lemma almost_norming_near_norming_point:
  fixes T :: "'a::real_normed_vector \<Rightarrow>\<^sub>L 'b::real_normed_vector"
  assumes near: "\<And>\<epsilon>. \<epsilon> > 0 \<Longrightarrow> \<exists>\<delta>>0. \<exists>u. almost_norming_near T \<delta> u \<epsilon>"
    and "norm x0 = 1" and "norm (T x0) = 1" and "\<eta> > 0"
  shows "\<exists>\<delta>>0. almost_norming_near T \<delta> x0 \<eta>"
proof -
  obtain \<delta> u where "\<delta> > 0" and u: "almost_norming_near T \<delta> u (\<eta> / 2)"
    using near \<open>\<eta> > 0\<close> by (meson half_gt_zero)
  have "norm (x - x0) < \<eta> \<or> norm (x + x0) < \<eta>" if "norm x = 1" "norm (T x) > 1 - \<delta>" for x
  proof -
    have "norm (x - u) < \<eta> / 2 \<or> norm (x + u) < \<eta> / 2"
      using u that unfolding almost_norming_near_def by blast
    moreover have "norm (x0 - u) < \<eta> / 2 \<or> norm (x0 + u) < \<eta> / 2"
      using u assms(2,3) \<open>\<delta> > 0\<close> unfolding almost_norming_near_def by simp
    moreover have "norm (x - x0) \<le> norm (x - u) + norm (x0 - u)"
      "norm (x - x0) \<le> norm (x + u) + norm (x0 + u)"
      "norm (x + x0) \<le> norm (x - u) + norm (x0 + u)"
      "norm (x + x0) \<le> norm (x + u) + norm (x0 - u)"
      using norm_triangle_ineq4[of "x - u" "x0 - u"] norm_triangle_ineq4[of "x + u" "x0 + u"]
        norm_triangle_ineq[of "x - u" "x0 + u"] norm_triangle_ineq[of "x + u" "x0 - u"]
      by (simp_all add: algebra_simps)
    ultimately show ?thesis by linarith
  qed
  then show ?thesis using \<open>\<delta> > 0\<close> unfolding almost_norming_near_def by blast
qed

section \<open>Norm perturbations and smoothness\<close>

lemma norm_perturbation_near_le:
  fixes T S :: "'a::real_normed_vector \<Rightarrow>\<^sub>L 'b::real_normed_vector"
  assumes "norm T \<le> 1" and "norm x \<le> 1" and "norm (x - x0) \<le> \<rho>" and "0 < t" and "t \<le> s"
    and at_x0: "norm (T x0 + s *\<^sub>R S x0) \<le> 1 + s * b"
  shows "norm (T x + t *\<^sub>R S x) \<le> 1 + t * (b + \<rho> / s + norm S * \<rho>)"
proof -
  have "s > 0" using assms by linarith
  have Tx: "norm (T x) \<le> 1"
    using norm_blinfun[of T x] assms(1,2) by (meson mult_le_one norm_ge_zero order_trans)
  have "norm T * norm (x - x0) \<le> \<rho>"
    using assms(1,3) by (meson mult_left_le_one_le norm_ge_zero order_trans)
  then have "norm (T (x - x0)) \<le> \<rho>" using norm_blinfun[of T "x - x0"] by linarith
  moreover have "T x + s *\<^sub>R S x0 = (T x0 + s *\<^sub>R S x0) + T (x - x0)"
    by (simp add: blinfun.diff_right)
  then have "norm (T x + s *\<^sub>R S x0) \<le> norm (T x0 + s *\<^sub>R S x0) + norm (T (x - x0))"
    by (metis norm_triangle_ineq)
  ultimately have at_s: "norm (T x + s *\<^sub>R S x0) \<le> 1 + s * b + \<rho>"
    using at_x0 by linarith
  have "(norm (T x + t *\<^sub>R S x0) - norm (T x)) / t \<le> (norm (T x + s *\<^sub>R S x0) - norm (T x)) / s"
    using norm_diff_quotient_mono \<open>0 < t\<close> \<open>t \<le> s\<close> .
  then have "norm (T x + t *\<^sub>R S x0)
      \<le> (1 - t / s) * norm (T x) + (t / s) * norm (T x + s *\<^sub>R S x0)"
    using \<open>0 < t\<close> \<open>s > 0\<close> by (simp add: field_simps)
  also have "\<dots> \<le> (1 - t / s) * 1 + (t / s) * (1 + s * b + \<rho>)"
    using Tx at_s \<open>0 < t\<close> \<open>t \<le> s\<close> \<open>s > 0\<close> by (intro add_mono mult_left_mono) auto
  also have "\<dots> = 1 + t * (b + \<rho> / s)"
    using \<open>s > 0\<close> by (simp add: field_simps)
  finally have at_t: "norm (T x + t *\<^sub>R S x0) \<le> 1 + t * (b + \<rho> / s)" .
  have "norm (S (x - x0)) \<le> norm S * \<rho>"
    using norm_blinfun[of S "x - x0"] assms(3) by (meson mult_left_mono norm_ge_zero order_trans)
  then have "norm (t *\<^sub>R S (x - x0)) \<le> t * (norm S * \<rho>)"
    using \<open>0 < t\<close> by (simp add: mult_left_mono)
  moreover have "T x + t *\<^sub>R S x = (T x + t *\<^sub>R S x0) + t *\<^sub>R S (x - x0)"
    by (simp add: blinfun.diff_right algebra_simps)
  then have "norm (T x + t *\<^sub>R S x) \<le> norm (T x + t *\<^sub>R S x0) + norm (t *\<^sub>R S (x - x0))"
    by (metis norm_triangle_ineq)
  ultimately have "norm (T x + t *\<^sub>R S x) \<le> 1 + t * (b + \<rho> / s) + t * (norm S * \<rho>)"
    using at_t by linarith
  then show ?thesis by (simp add: algebra_simps)
qed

──────

## WORK TO COMPLETE
When a line in the records holds the string "also", copy that line.

## EXERCISE OUTPUT
  also have "\<dots> \<le> (1 - t / s) * 1 + (t / s) * (1 + s * b + \<rho>)"
  also have "\<dots> = 1 + t * (b + \<rho> / s)"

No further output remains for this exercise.